Java could have gone for java.util.generic !

Arne
From: Arne Vajhøj on
Mike Schilling wrote:
> Peter Duniho wrote:
>> On Sat, 10 Oct 2009 00:05:37 -0700, Mike Schilling
>> <mscottschilling(a)hotmail.com> wrote:
>>
>>> Erasure is needed for compatibility with the non-generic version of
>>> the type, and that's the only reason it exists. If generics had
>>> been
>>> present from the beginning, the type parameters would be
>>> first-class
>>> parts of the type, just as they are for arrays. (And just as they
>>> are in .NET, where generics were used only in newly introduced
>>> classes.)
>> Though, .NET illustrates that an alternative approach would have
>> been
>> to simply create a new, parallel group of classes supporting
>> generics, rather than to insist that the old classes be reusable via
>> generics.
>
> It's technically feasible, sure, but given the amount of existing Java
> code when 1.5 was introduced, imagine the dumbfoundment with which a
> new and incompatible set of, e.g. collections classes (and, far worse,
> collection interfaces) would have been greeted.

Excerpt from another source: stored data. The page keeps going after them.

section \<open>Unobstructed strings are uniquely decodable\<close>

lemma obst_intro:
  assumes "a \<noteq> x" "b \<noteq> x"
    and "W = u @ [a, x] @ m @ [b] @ v" "a \<notin> set m"
    and "W = u' @ [a] @ m' @ [b] @ v'" "x \<notin> set m'"
  shows "W \<in> L_OBST"
proof -
  have "W \<in> I_lang x a b" using assms(3,4) unfolding I_lang_def by blast
  moreover have "W \<in> J_lang x a b" using assms(5,6) unfolding J_lang_def by blast
  ultimately show ?thesis using assms(1,2) unfolding L_OBST_def K_lang_def by blast
qed

lemma obst_Cons: "w \<in> L_OBST \<Longrightarrow> c # w \<in> L_OBST"
proof -
  assume "w \<in> L_OBST"
  then obtain x a b where ab: "a \<noteq> x" "b \<noteq> x" and "w \<in> I_lang x a b" "w \<in> J_lang x a b"
    by (auto simp: L_OBST_def K_lang_def)
  obtain u m v where "w = u @ [a, x] @ m @ [b] @ v" "a \<notin> set m"
    using \<open>w \<in> I_lang x a b\<close> by (auto simp: I_lang_def)
  moreover obtain u' m' v' where "w = u' @ [a] @ m' @ [b] @ v'" "x \<notin> set m'"
    using \<open>w \<in> J_lang x a b\<close> by (auto simp: J_lang_def)
  ultimately show ?thesis
    using obst_intro[of a x b "c # w" "c # u" m v "c # u'" m' v'] ab by simp
qed

definition adjacent :: "'a list \<Rightarrow> 'a \<Rightarrow> 'a \<Rightarrow> bool" where
  "adjacent w c d \<longleftrightarrow> (\<exists>p q. w = p @ c # d # q)"

lemma adjacent_Cons: "adjacent (y # w) c d \<longleftrightarrow> (c = y \<and> w \<noteq> [] \<and> hd w = d) \<or> adjacent w c d"
proof
  assume "adjacent (y # w) c d"
  then obtain p q where "y # w = p @ c # d # q" unfolding adjacent_def by blast
  then show "(c = y \<and> w \<noteq> [] \<and> hd w = d) \<or> adjacent w c d"
    unfolding adjacent_def by (cases p) auto
next
  assume "(c = y \<and> w \<noteq> [] \<and> hd w = d) \<or> adjacent w c d"
  then show "adjacent (y # w) c d"
    unfolding adjacent_def by (metis append_Cons append_Nil list.collapse)
qed
(* Let $n\ge2$, $c\in(0,\infty)$, and let $\Sigma_n\in\mathbb{R}^{n\times n}$ have entries $$(\Sigma_n)_{ij}=\frac{\pi}{i+j}+c\,\frac{4\pi^2}{(i+1)(j+1)}\ \text{ if } c\in(0,1],\qquad (\Sigma_n)_{ij}=\frac{\pi}{c(i+j)}+\frac{4\pi^2}{(i+1)(j+1)}\ \text{ if } c\in(1,\infty).$$ Then $\Sigma_n=LU$ with $L=(l_{ij})$, $U=(u_{ij})$ given by $l_{ij}=0$ for $i<j$, $$l_{ij}=\frac{\prod_{k=1}^{j-1}(i-k)\prod_{k=1}^{j}(j+k)}{\prod_{k=1}^{j-1}(j-k)\prod_{k=1}^{j}(i+k)}\quad(i\ge j),$$ $u_{ij}=0$ for $i>j$, $u_{1j}=\frac{\pi(1+2c\pi)}{j+1}$ if $c\in(0,1]$, $u_{1j}=\frac{\pi(1+2c\pi)}{c(j+1)}$ if $c\in(1,\infty)$, and for $1<i\le j$: $$u_{ij}=\frac{\pi\prod_{k=1}^{i-1}(i-k)(j-k)}{(i+j)\prod_{k=1}^{i-1}(i+k)\prod_{k=1}^{i-1}(j+k)}\ \ (c\in(0,1]),\qquad u_{ij}=\frac{\pi\prod_{k=1}^{i-1}(i-k)(j-k)}{c(i+j)\prod_{k=1}^{i-1}(i+k)\prod_{k=1}^{i-1}(j+k)}\ \ (c\in(1,\infty)).$$
   Context: $\Sigma_n$ is the asymptotic covariance matrix, in the critical regime $t\delta_t^d\to c$, of the "vector of natural increasing powers" $(\tilde L_t^{(0)},\dots,\tilde L_t^{(n-1)})$ of normalized length power functionals in dimension $d=2$ (so $\tau_i=i-1$, $\kappa_2=\pi$) for a window of volume $1$. *)

theory Defs
  imports "HOL-Analysis.Analysis"
begin

text \<open>Matrices of size n x n are represented as functions nat => nat => real,
  with indices ranging over {1..n} (1-based, as in the paper).\<close>

definition Sigma_mat :: "real \<Rightarrow> nat \<Rightarrow> nat \<Rightarrow> real" where
  "Sigma_mat c i j =
     (if c \<le> 1 then pi / real (i + j) + c * (4 * pi^2) / (real (i + 1) * real (j + 1))
      else pi / (c * real (i + j)) + (4 * pi^2) / (real (i + 1) * real (j + 1)))"

definition L_mat :: "nat \<Rightarrow> nat \<Rightarrow> real" where
  "L_mat i j =
     (if i < j then 0
      else ((\<Prod>k = 1..j - 1. real i - real k) * (\<Prod>k = 1..j. real j + real k)) /
           ((\<Prod>k = 1..j - 1. real j - real k) * (\<Prod>k = 1..j. real i + real k)))"

definition U_mat :: "real \<Rightarrow> nat \<Rightarrow> nat \<Rightarrow> real" where
  "U_mat c i j =
     (if i > j then 0
      else if i = 1 then
        (if c \<le> 1 then pi * (1 + 2 * c * pi) / real (j + 1)
         else pi * (1 + 2 * c * pi) / (c * real (j + 1)))
      else
        (if c \<le> 1 then
           pi * (\<Prod>k = 1..i - 1. (real i - real k) * (real j - real k)) /
           (real (i + j) * (\<Prod>k = 1..i - 1. real i + real k) * (\<Prod>k = 1..i - 1. real j + real k))
         else
           pi * (\<Prod>k = 1..i - 1. (real i - real k) * (real j - real k)) /
           (c * real (i + j) * (\<Prod>k = 1..i - 1. real i + real k) * (\<Prod>k = 1..i - 1. real j + real k))))"

end

theory Submission
  imports Defs
begin

text \<open>For both ranges of \<open>c\<close> the matrix is \<open>\<Sigma> = \<alpha> H + \<beta> v v\<^sup>T\<close> with the Cauchy matrix
  \<open>H\<^sub>i\<^sub>j = 1 / (i + j)\<close> and \<open>v\<^sub>i = 1 / (i + 1)\<close>. The entries of \<open>L\<close> and \<open>U\<close> are those of the
  classical LU factorisation of \<open>H\<close>, except that the rank-one part is absorbed into the first
  row of \<open>U\<close>. For the Cauchy part, \<open>L\<^sub>i\<^sub>k U\<^sub>k\<^sub>j = \<alpha> T\<^sub>k(i, j)\<close>, and the terms \<open>T\<^sub>k(x, y)\<close> telescope:
  \<open>1 / (x + y) = T\<^sub>1 + \<dots> + T\<^sub>N + R\<^sub>N\<close>, where the remainder \<open>R\<^sub>N(x, y)\<close> contains the factor
  \<open>(x - 1) \<cdots> (x - N)\<close> and so vanishes for \<open>x \<in> {1..N}\<close>.\<close>

definition cauchy_term :: "real \<Rightarrow> real \<Rightarrow> nat \<Rightarrow> real" where
  "cauchy_term x y k = 2 * real k * (\<Prod>m = 1..k - 1. (x - real m) * (y - real m)) /
     ((\<Prod>m = 1..k. x + real m) * (\<Prod>m = 1..k. y + real m))"

definition cauchy_remainder :: "real \<Rightarrow> real \<Rightarrow> nat \<Rightarrow> real" where
  "cauchy_remainder x y N = (\<Prod>m = 1..N. (x - real m) * (y - real m)) /
     ((x + y) * (\<Prod>m = 1..N. x + real m) * (\<Prod>m = 1..N. y + real m))"

text \<open>The telescoping step rests on \<open>(x + n)(y + n) - (x - n)(y - n) = 2n(x + y)\<close>.\<close>

lemma cauchy_remainder_Suc:
  fixes x y :: real
  assumes "x > 0" "y > 0"
  shows "cauchy_remainder x y N - cauchy_remainder x y (Suc N) = cauchy_term x y (Suc N)"
proof -
  define n where "n = real (Suc N)"
  define P where "P = (\<Prod>m = 1..N. (x - real m) * (y - real m))"
  define A where "A = (\<Prod>m = 1..N. x + real m)"
  define B where "B = (\<Prod>m = 1..N. y + real m)"
  have "A > 0" "B > 0" "n > 0"
    using assms by (auto simp: A_def B_def n_def intro: prod_pos)
  moreover have "x + n > 0" "y + n > 0" "x + y > 0"
    using assms \<open>n > 0\<close> by auto
  ultimately have "P / ((x + y) * A * B) - P * ((x - n) * (y - n)) / ((x + y) * (A * (x + n)) * (B * (y + n)))
      = 2 * n * P / (A * (x + n) * (B * (y + n)))"
    by (simp add: divide_simps) (simp add: algebra_simps)
  then show ?thesis
    by (simp add: cauchy_remainder_def cauchy_term_def prod.cl_ivl_Suc prod.distrib
        n_def P_def A_def B_def mult_ac)
qed

lemma sum_cauchy_term:
  fixes x y :: real
  assumes "x > 0" "y > 0"
  shows "(\<Sum>k = 1..N. cauchy_term x y k) = 1 / (x + y) - cauchy_remainder x y N"
proof (induction N)
  case 0
  then show ?case by (simp add: cauchy_remainder_def)
next
  case (Suc N)
  then show ?case using cauchy_remainder_Suc[OF assms, of N] by simp
qed

lemma cauchy_remainder_of_nat_eq_0:
  assumes "1 \<le> i" "i \<le> N"
  shows "cauchy_remainder (real i) y N = 0"
  using assms by (auto simp: cauchy_remainder_def intro!: prod_zero bexI[of _ i])

corollary sum_cauchy_term_of_nat:
  fixes y :: real
  assumes "i \<in> {1..N}" "y > 0"
  shows "(\<Sum>k = 1..N. cauchy_term (real i) y k) = 1 / (real i + y)"
  using assms sum_cauchy_term[of "real i" y N] cauchy_remainder_of_nat_eq_0[of i N y] by simp

lemma cauchy_term_of_nat_eq_0:
  assumes "1 \<le> i" "i < k"
  shows "cauchy_term (real i) y k = 0"
  using assms by (auto simp: cauchy_term_def intro!: prod_zero bexI[of _ i])

lemma cauchy_term_commute: "cauchy_term x y k = cauchy_term y x k"
  by (simp add: cauchy_term_def prod.distrib mult_ac)

definition cauchy_coeff :: "real \<Rightarrow> real" where
  "cauchy_coeff c = (if c \<le> 1 then pi else pi / c)"

definition rank_one_coeff :: "real \<Rightarrow> real" where
  "rank_one_coeff c = (if c \<le> 1 then c * (4 * pi^2) else 4 * pi^2)"

lemma Sigma_mat_eq:
  "Sigma_mat c i j = cauchy_coeff c / real (i + j) + rank_one_coeff c / (real (i + 1) * real (j + 1))"
  by (simp add: Sigma_mat_def cauchy_coeff_def rank_one_coeff_def)

lemma L_mat_mult_U_mat_first:
  assumes "1 \<le> i" "1 \<le> j"
  shows "L_mat i 1 * U_mat c 1 j =
    cauchy_coeff c * cauchy_term (real i) (real j) 1 + rank_one_coeff c / (real (i + 1) * real (j + 1))"
proof -
  have "U_mat c 1 j = pi * (1 + 2 * c * pi) / (if c \<le> 1 then 1 else c) / real (j + 1)"
    using assms by (simp add: U_mat_def)
  also have "pi * (1 + 2 * c * pi) / (if c \<le> 1 then 1 else c) = cauchy_coeff c + rank_one_coeff c / 2"
    by (auto simp: cauchy_coeff_def rank_one_coeff_def power2_eq_square field_simps)
  finally have U: "U_mat c 1 j = (cauchy_coeff c + rank_one_coeff c / 2) / (1 + real j)"
    by simp
  have L: "L_mat i 1 = 2 / (1 + real i)"
    using assms by (simp add: L_mat_def)
  have "2 / X * ((a + b / 2) / Y) = a * (2 / (X * Y)) + b / (X * Y)"
    if "X \<noteq> 0" "Y \<noteq> 0" for X Y a b :: real
    using that by (simp add: field_simps)
  moreover have "1 + real i \<noteq> 0" "1 + real j \<noteq> 0"
    by linarith+
  ultimately show ?thesis
    unfolding L U by (simp add: cauchy_term_def add.commute)
qed

lemma L_mat_mult_U_mat_higher:
  assumes "2 \<le> k" "k \<le> i" "k \<le> j"
  shows "L_mat i k * U_mat c k j = cauchy_coeff c * cauchy_term (real i) (real j) k"
proof -
  obtain k' where k': "k = Suc k'" "k' \<ge> 1" using assms by (cases k) auto
  define Di where "Di = (\<Prod>m = 1..k'. real i - real m)"
  define Dj where "Dj = (\<Prod>m = 1..k'. real j - real m)"
  define Dk where "Dk = (\<Prod>m = 1..k'. real k - real m)"
  define Sk where "Sk = (\<Prod>m = 1..k'. real k + real m)"
  define Si where "Si = (\<Prod>m = 1..k'. real i + real m)"
  define Sj where "Sj = (\<Prod>m = 1..k'. real j + real m)"
  have nonzero: "Dk \<noteq> 0" "Sk \<noteq> 0" "Si \<noteq> 0" "Sj \<noteq> 0"
      "real k + real i \<noteq> 0" "real k + real j \<noteq> 0"
    unfolding Dk_def Sk_def Si_def Sj_def using k' by (auto simp: prod_zero_iff)
  have L: "L_mat i k = Di * (Sk * (2 * real k)) / (Dk * (Si * (real k + real i)))"
    using assms k' by (simp add: L_mat_def Di_def Sk_def Dk_def Si_def prod.cl_ivl_Suc)
  have U: "U_mat c k j = cauchy_coeff c * (Dk * Dj / ((real k + real j) * Sk * Sj))"
    using assms k' by (auto simp: U_mat_def cauchy_coeff_def Dj_def Sk_def Dk_def Sj_def prod.distrib)
  have T: "cauchy_term (real i) (real j) k =
      2 * real k * (Di * Dj) / (Si * (real k + real i) * (Sj * (real k + real j)))"
    using k' by (simp add: cauchy_term_def Di_def Dj_def Si_def Sj_def prod.distrib prod.cl_ivl_Suc
        add.commute)
  \<comment> \<open>stated over atoms \<open>u, v\<close> so that \<open>field_simps\<close> cancels the factors instead of expanding them\<close>
  have "Di * (Sk * (2 * K)) / (Dk * (Si * u)) * (C * (Dk * Dj / (v * Sk * Sj)))
      = C * (2 * K * (Di * Dj) / (Si * u * (Sj * v)))" if "u \<noteq> 0" "v \<noteq> 0" for K u v C :: real
    using nonzero that by (simp add: field_simps)
  then show ?thesis
    unfolding L U T using nonzero by blast
qed

lemma L_mat_mult_U_mat_eq_0:
  assumes "i < k \<or> j < k"
  shows "L_mat i k * U_mat c k j = 0"
  using assms by (auto simp: L_mat_def U_mat_def)

lemma L_mat_mult_U_mat:
  assumes "1 \<le> i" "1 \<le> j" "1 \<le> k"
  shows "L_mat i k * U_mat c k j = cauchy_coeff c * cauchy_term (real i) (real j) k
    + (if k = 1 then rank_one_coeff c / (real (i + 1) * real (j + 1)) else 0)"
proof -
  consider "k = 1" | "2 \<le> k" "k \<le> i" "k \<le> j" | "i < k" | "j < k"
    using assms by linarith
  then show ?thesis
  proof cases
    case 1
    then show ?thesis using assms L_mat_mult_U_mat_first by simp
  next
    case 2
    then show ?thesis using L_mat_mult_U_mat_higher by simp
  next
    case 3
    then show ?thesis using assms L_mat_mult_U_mat_eq_0 cauchy_term_of_nat_eq_0 by simp
  next
    case 4
    then show ?thesis
      using assms L_mat_mult_U_mat_eq_0 cauchy_term_of_nat_eq_0 cauchy_term_commute by simp
  qed
qed

theorem proposition7p11:
  fixes n :: nat and c :: real
  assumes "n \<ge> 2" and "c > 0"
  shows "\<forall>i\<in>{1..n}. \<forall>j\<in>{1..n}.
           Sigma_mat c i j = (\<Sum>k = 1..n. L_mat i k * U_mat c k j)"
proof (intro ballI)
  fix i j assume i: "i \<in> {1..n}" and j: "j \<in> {1..n}"
  have "(\<Sum>k = 1..n. L_mat i k * U_mat c k j) =
      (\<Sum>k = 1..n. cauchy_coeff c * cauchy_term (real i) (real j) k
        + (if k = 1 then rank_one_coeff c / (real (i + 1) * real (j + 1)) else 0))"
    using i j by (intro sum.cong refl L_mat_mult_U_mat) auto
  also have "\<dots> = cauchy_coeff c * (\<Sum>k = 1..n. cauchy_term (real i) (real j) k)
      + rank_one_coeff c / (real (i + 1) * real (j + 1))"
    using i by (simp add: sum.distrib sum_distrib_left)
  also have "(\<Sum>k = 1..n. cauchy_term (real i) (real j) k) = 1 / (real i + real j)"
    using i j by (intro sum_cauchy_term_of_nat) auto
  finally show "Sigma_mat c i j = (\<Sum>k = 1..n. L_mat i k * U_mat c k j)"
    by (simp add: Sigma_mat_eq)
qed

end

I make the opposite conclusion from the same fact.

All the existing code resulted in a gazillion of compiler
warnings due the decision to use the same classes.

I would have preferred new classes.

Arne
From: Arne Vajhøj on
Lew wrote:
> Mike Schilling wrote:
>> Lew wrote:
>>> Roedy Green wrote:
>>>> That is one of my conjectures, that type erasure was a wrong-headed
>>>> idea. It weakened and complicated generics too much. Surely, it is
>>>> not inherent to the notion that containers should be type safe.
>>> I like type erasure. It keeps one from the temptation to use
>>> genericity as an operational concept as opposed to a declarative one.
>>
>> I almost know what this means, but every time I think I've grasped it,
>> my hand seems to be empty. Could you elaborate?
>
> As it stands, generics provide a compile-time contract for declarations
> about type relationships. In order to get run-time behavior, i.e.,
> operational use of type information you need to provide a Class object;
> type parameters don't permit any run-time operations.
>
> The result is that generics provide compile-time assertions that code
> will not throw a ClassCastException or other type-related problem.
> Erasure guarantees that this safety carries no run-time overhead.

No difference.

The cast is just done somewhere else in the code with type erasure.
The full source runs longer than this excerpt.